[Saved data entries]
Segment Open

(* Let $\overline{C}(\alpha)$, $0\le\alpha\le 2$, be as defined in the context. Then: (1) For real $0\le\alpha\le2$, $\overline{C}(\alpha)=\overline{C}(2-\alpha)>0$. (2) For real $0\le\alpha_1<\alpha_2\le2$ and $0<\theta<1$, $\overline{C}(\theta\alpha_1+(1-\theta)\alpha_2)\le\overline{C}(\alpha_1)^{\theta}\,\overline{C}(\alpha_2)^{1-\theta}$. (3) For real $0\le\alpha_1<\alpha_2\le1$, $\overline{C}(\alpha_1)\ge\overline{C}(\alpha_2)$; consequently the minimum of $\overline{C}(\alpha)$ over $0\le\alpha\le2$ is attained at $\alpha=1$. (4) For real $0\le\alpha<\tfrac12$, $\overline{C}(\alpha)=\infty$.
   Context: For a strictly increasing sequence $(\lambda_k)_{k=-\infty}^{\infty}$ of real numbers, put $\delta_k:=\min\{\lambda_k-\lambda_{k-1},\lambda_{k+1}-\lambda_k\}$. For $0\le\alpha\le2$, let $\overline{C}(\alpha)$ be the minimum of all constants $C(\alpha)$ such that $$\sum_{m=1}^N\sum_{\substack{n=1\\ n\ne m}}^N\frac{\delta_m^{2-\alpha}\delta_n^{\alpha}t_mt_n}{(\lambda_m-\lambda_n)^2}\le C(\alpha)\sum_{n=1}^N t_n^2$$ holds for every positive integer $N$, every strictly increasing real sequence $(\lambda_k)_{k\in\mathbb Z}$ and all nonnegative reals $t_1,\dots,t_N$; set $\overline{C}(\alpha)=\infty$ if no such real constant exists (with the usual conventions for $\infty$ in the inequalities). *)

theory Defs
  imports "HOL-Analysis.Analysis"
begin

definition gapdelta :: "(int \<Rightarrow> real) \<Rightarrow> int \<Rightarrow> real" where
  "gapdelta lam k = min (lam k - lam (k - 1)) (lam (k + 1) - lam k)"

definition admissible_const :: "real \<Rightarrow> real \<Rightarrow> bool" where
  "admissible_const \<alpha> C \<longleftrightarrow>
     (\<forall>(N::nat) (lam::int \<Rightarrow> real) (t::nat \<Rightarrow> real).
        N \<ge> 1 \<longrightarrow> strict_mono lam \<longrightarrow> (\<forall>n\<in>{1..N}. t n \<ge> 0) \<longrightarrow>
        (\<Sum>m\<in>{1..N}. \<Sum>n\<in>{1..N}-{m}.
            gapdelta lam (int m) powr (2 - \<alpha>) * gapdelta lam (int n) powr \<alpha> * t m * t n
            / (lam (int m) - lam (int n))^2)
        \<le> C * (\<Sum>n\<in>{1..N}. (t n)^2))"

Segment Closed
Segment Open

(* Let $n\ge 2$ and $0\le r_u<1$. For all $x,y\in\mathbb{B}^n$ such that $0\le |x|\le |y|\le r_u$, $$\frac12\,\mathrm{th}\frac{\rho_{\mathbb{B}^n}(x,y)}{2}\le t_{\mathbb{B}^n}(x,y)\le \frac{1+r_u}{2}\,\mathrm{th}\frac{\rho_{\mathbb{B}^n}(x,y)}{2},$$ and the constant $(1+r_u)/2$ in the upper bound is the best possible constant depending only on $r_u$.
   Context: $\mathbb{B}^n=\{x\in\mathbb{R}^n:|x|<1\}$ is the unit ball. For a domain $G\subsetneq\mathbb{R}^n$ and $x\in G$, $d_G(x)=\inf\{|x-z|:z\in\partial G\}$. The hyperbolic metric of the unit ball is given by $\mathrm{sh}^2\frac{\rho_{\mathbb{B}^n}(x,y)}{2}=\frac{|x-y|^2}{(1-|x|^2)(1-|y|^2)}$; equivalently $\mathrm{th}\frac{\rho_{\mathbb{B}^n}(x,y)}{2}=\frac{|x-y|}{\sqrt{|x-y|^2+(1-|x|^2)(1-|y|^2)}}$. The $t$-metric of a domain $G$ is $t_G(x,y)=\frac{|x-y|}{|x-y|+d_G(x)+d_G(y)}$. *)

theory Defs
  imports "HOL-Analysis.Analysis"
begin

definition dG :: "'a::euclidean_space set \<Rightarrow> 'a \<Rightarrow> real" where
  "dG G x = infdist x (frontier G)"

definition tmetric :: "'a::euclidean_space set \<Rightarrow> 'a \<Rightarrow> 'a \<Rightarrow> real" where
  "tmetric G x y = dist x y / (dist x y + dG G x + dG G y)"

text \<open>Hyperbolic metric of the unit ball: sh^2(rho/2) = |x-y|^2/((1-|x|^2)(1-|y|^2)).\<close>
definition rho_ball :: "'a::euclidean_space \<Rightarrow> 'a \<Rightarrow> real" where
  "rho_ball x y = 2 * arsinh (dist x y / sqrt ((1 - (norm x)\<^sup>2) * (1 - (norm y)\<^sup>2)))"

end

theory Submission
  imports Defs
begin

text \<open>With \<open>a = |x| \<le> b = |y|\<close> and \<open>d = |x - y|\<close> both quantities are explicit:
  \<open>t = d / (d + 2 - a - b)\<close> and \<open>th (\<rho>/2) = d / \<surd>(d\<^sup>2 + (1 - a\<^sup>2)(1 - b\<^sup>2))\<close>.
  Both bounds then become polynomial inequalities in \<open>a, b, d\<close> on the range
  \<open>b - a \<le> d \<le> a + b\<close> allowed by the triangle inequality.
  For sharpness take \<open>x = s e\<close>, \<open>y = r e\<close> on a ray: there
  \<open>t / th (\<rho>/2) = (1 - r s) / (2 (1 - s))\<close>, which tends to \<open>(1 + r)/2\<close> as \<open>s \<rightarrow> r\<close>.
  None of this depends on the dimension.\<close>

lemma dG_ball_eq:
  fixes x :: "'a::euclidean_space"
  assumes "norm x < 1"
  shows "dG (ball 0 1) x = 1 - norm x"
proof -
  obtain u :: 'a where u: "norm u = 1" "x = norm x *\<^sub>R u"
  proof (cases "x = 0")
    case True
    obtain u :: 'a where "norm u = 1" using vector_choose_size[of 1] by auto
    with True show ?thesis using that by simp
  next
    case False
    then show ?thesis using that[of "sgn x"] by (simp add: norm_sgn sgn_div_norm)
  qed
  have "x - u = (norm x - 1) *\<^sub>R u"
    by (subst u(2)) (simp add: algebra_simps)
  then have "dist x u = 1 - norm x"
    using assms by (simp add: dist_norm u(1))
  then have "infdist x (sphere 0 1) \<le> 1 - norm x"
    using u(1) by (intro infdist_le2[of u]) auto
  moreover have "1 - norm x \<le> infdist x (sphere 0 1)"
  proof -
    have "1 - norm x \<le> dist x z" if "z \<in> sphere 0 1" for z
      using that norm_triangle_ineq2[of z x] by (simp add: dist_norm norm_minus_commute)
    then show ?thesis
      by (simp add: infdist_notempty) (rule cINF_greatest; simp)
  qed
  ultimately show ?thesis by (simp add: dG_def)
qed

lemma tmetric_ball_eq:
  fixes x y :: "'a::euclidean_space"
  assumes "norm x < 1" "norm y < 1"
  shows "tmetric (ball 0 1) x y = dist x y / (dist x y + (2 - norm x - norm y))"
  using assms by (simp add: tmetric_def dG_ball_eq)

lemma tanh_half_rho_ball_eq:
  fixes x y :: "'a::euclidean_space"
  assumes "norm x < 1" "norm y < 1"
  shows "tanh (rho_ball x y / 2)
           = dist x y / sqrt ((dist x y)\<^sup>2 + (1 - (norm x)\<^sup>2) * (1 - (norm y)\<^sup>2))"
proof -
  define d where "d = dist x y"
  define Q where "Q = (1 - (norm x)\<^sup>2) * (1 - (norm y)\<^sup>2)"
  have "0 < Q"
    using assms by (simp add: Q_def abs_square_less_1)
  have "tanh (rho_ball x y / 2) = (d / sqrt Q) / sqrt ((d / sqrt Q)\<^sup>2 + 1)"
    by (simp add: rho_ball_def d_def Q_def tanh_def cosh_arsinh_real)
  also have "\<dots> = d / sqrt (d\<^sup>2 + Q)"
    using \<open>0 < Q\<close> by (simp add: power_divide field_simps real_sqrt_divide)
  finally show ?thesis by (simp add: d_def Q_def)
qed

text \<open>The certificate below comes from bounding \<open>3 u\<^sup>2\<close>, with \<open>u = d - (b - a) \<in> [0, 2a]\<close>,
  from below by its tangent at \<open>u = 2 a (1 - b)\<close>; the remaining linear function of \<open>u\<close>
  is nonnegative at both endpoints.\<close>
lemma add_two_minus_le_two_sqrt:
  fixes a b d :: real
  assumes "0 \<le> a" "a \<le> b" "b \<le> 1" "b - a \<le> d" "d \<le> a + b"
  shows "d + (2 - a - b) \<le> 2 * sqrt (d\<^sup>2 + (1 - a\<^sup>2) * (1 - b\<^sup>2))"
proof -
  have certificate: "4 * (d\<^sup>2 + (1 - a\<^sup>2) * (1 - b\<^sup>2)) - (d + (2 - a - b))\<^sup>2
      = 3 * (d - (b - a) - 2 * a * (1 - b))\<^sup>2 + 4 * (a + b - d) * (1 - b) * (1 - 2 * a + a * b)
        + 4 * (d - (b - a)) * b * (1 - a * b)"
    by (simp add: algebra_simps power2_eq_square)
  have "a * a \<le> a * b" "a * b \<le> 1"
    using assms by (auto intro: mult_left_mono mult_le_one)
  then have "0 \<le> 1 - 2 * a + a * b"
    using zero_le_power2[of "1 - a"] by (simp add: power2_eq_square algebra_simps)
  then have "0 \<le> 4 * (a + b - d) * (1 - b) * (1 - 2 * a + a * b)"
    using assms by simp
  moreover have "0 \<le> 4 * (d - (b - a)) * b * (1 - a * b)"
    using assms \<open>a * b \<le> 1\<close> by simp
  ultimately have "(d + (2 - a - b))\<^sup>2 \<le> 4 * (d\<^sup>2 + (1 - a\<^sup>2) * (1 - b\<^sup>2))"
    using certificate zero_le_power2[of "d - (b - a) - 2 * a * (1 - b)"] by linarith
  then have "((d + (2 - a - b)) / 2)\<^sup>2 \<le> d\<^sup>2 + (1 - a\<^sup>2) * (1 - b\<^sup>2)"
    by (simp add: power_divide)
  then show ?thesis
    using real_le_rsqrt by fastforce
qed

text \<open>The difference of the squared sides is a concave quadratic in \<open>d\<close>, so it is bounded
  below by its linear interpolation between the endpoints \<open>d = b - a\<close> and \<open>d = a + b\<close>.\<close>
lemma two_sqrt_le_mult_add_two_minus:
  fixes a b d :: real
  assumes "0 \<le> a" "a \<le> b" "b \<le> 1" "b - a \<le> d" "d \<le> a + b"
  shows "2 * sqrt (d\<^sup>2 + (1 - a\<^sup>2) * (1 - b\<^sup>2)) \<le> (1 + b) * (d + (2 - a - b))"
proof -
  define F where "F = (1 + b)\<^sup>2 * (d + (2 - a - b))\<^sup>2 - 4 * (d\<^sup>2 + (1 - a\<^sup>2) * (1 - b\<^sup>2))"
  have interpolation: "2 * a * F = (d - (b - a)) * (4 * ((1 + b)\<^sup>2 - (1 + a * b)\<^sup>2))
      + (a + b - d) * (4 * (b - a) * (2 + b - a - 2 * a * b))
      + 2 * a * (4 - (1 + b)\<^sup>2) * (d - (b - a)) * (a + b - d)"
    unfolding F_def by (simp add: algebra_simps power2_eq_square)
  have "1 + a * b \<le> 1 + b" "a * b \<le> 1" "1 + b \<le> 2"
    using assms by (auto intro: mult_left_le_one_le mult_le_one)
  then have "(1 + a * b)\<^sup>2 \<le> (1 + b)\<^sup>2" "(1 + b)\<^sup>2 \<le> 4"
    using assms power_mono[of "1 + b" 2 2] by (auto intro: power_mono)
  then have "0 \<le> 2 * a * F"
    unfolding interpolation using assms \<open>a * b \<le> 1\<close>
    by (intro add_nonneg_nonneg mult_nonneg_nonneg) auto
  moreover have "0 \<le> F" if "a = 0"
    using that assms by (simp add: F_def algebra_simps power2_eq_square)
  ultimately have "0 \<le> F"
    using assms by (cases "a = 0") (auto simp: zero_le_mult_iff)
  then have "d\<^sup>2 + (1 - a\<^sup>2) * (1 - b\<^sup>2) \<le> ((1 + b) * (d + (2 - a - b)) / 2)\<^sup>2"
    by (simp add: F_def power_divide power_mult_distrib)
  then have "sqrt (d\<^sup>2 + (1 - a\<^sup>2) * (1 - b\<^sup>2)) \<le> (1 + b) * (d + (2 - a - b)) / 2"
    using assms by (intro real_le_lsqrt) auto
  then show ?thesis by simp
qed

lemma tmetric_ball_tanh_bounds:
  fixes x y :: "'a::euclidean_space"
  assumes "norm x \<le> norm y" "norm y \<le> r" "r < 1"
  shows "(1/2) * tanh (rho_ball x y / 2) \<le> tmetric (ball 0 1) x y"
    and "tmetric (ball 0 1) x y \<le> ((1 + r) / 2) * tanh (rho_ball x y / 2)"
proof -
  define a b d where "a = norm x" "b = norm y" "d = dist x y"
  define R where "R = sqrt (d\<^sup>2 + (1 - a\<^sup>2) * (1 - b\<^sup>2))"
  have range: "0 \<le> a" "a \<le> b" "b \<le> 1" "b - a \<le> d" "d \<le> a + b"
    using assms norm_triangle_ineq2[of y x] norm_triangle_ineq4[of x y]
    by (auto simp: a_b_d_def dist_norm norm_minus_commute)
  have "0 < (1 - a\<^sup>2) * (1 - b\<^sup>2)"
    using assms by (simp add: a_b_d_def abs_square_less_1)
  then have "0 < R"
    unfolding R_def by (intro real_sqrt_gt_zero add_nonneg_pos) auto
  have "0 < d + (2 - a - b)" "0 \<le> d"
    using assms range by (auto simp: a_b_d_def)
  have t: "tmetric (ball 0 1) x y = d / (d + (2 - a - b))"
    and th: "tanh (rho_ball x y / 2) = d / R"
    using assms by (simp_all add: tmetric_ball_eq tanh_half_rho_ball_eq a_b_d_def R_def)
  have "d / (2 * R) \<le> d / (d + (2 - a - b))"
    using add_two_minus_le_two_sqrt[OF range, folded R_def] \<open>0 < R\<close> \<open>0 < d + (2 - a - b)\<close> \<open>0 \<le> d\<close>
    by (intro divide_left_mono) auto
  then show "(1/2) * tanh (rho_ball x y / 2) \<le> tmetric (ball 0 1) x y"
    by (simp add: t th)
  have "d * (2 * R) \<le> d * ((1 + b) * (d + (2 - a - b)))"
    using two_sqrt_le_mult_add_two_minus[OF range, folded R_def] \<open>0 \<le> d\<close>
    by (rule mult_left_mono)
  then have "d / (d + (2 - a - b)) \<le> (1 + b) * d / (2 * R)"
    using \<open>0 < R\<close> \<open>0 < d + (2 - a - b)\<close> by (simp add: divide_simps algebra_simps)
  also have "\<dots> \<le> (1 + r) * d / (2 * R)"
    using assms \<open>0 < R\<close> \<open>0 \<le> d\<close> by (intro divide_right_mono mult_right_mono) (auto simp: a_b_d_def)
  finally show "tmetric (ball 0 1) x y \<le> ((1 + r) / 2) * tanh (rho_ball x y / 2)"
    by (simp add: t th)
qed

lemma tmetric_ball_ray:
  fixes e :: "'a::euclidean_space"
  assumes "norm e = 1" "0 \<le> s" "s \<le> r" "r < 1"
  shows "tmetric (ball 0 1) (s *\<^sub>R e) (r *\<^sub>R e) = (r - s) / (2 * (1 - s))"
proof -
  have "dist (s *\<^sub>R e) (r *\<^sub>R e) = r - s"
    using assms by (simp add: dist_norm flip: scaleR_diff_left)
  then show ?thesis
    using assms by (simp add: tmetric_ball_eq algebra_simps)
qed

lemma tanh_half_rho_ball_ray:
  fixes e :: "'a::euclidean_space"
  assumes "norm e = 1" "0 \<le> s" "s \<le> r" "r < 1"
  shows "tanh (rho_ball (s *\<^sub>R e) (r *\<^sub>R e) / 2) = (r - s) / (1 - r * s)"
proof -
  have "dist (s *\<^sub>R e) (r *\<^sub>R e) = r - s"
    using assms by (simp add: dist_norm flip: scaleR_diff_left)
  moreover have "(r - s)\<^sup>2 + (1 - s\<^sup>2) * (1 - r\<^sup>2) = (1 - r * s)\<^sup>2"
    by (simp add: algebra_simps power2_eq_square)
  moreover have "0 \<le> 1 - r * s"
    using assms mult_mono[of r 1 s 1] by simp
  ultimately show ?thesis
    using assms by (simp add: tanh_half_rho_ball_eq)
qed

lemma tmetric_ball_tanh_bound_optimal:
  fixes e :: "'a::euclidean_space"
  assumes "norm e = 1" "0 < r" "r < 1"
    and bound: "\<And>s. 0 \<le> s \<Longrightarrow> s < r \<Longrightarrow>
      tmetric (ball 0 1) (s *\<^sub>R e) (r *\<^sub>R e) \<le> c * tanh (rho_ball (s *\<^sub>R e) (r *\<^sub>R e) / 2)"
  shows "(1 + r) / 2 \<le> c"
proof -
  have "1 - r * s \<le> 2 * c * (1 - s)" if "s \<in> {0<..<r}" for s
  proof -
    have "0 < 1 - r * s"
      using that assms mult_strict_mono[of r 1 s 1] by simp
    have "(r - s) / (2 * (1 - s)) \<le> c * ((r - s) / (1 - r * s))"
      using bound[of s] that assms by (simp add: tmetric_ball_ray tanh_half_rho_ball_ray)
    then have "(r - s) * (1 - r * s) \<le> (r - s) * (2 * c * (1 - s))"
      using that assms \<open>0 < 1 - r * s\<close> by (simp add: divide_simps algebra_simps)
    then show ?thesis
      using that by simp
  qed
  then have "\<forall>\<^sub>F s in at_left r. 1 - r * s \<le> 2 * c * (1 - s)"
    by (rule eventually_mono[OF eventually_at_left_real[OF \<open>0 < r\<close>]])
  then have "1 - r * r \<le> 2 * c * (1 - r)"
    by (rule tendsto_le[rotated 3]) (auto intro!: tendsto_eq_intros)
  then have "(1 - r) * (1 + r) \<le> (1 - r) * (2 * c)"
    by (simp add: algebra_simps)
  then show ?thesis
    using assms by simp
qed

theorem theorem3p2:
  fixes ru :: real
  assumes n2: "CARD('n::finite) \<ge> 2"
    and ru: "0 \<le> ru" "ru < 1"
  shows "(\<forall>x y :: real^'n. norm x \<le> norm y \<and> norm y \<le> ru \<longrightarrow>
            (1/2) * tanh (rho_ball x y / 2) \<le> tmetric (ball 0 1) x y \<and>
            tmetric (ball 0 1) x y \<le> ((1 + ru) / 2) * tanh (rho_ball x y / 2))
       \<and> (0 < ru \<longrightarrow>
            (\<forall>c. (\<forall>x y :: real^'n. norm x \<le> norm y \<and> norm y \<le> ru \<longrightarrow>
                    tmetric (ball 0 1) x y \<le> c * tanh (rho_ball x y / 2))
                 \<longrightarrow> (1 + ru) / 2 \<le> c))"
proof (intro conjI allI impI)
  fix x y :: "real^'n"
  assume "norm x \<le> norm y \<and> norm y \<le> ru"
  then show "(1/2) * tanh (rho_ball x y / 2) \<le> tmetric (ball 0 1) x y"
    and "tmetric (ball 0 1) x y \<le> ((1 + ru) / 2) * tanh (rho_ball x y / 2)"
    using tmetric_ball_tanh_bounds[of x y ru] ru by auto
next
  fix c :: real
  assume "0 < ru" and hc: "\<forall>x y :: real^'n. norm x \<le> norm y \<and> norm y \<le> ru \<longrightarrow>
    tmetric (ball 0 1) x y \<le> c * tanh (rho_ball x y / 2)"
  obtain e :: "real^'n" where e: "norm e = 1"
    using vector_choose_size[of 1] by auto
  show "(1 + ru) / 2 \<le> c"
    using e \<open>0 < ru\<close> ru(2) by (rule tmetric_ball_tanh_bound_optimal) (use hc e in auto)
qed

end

Segment Closed

• Assignment
The lines in the entries above that carry the word "inequalities" must be copied.

• Result
   Context: For a strictly increasing sequence $(\lambda_k)_{k=-\infty}^{\infty}$ of real numbers, put $\delta_k:=\min\{\lambda_k-\lambda_{k-1},\lambda_{k+1}-\lambda_k\}$. For $0\le\alpha\le2$, let $\overline{C}(\alpha)$ be the minimum of all constants $C(\alpha)$ such that $$\sum_{m=1}^N\sum_{\substack{n=1\\ n\ne m}}^N\frac{\delta_m^{2-\alpha}\delta_n^{\alpha}t_mt_n}{(\lambda_m-\lambda_n)^2}\le C(\alpha)\sum_{n=1}^N t_n^2$$ holds for every positive integer $N$, every strictly increasing real sequence $(\lambda_k)_{k\in\mathbb Z}$ and all nonnegative reals $t_1,\dots,t_N$; set $\overline{C}(\alpha)=\infty$ if no such real constant exists (with the usual conventions for $\infty$ in the inequalities). *)
  Both bounds then become polynomial inequalities in \<open>a, b, d\<close> on the range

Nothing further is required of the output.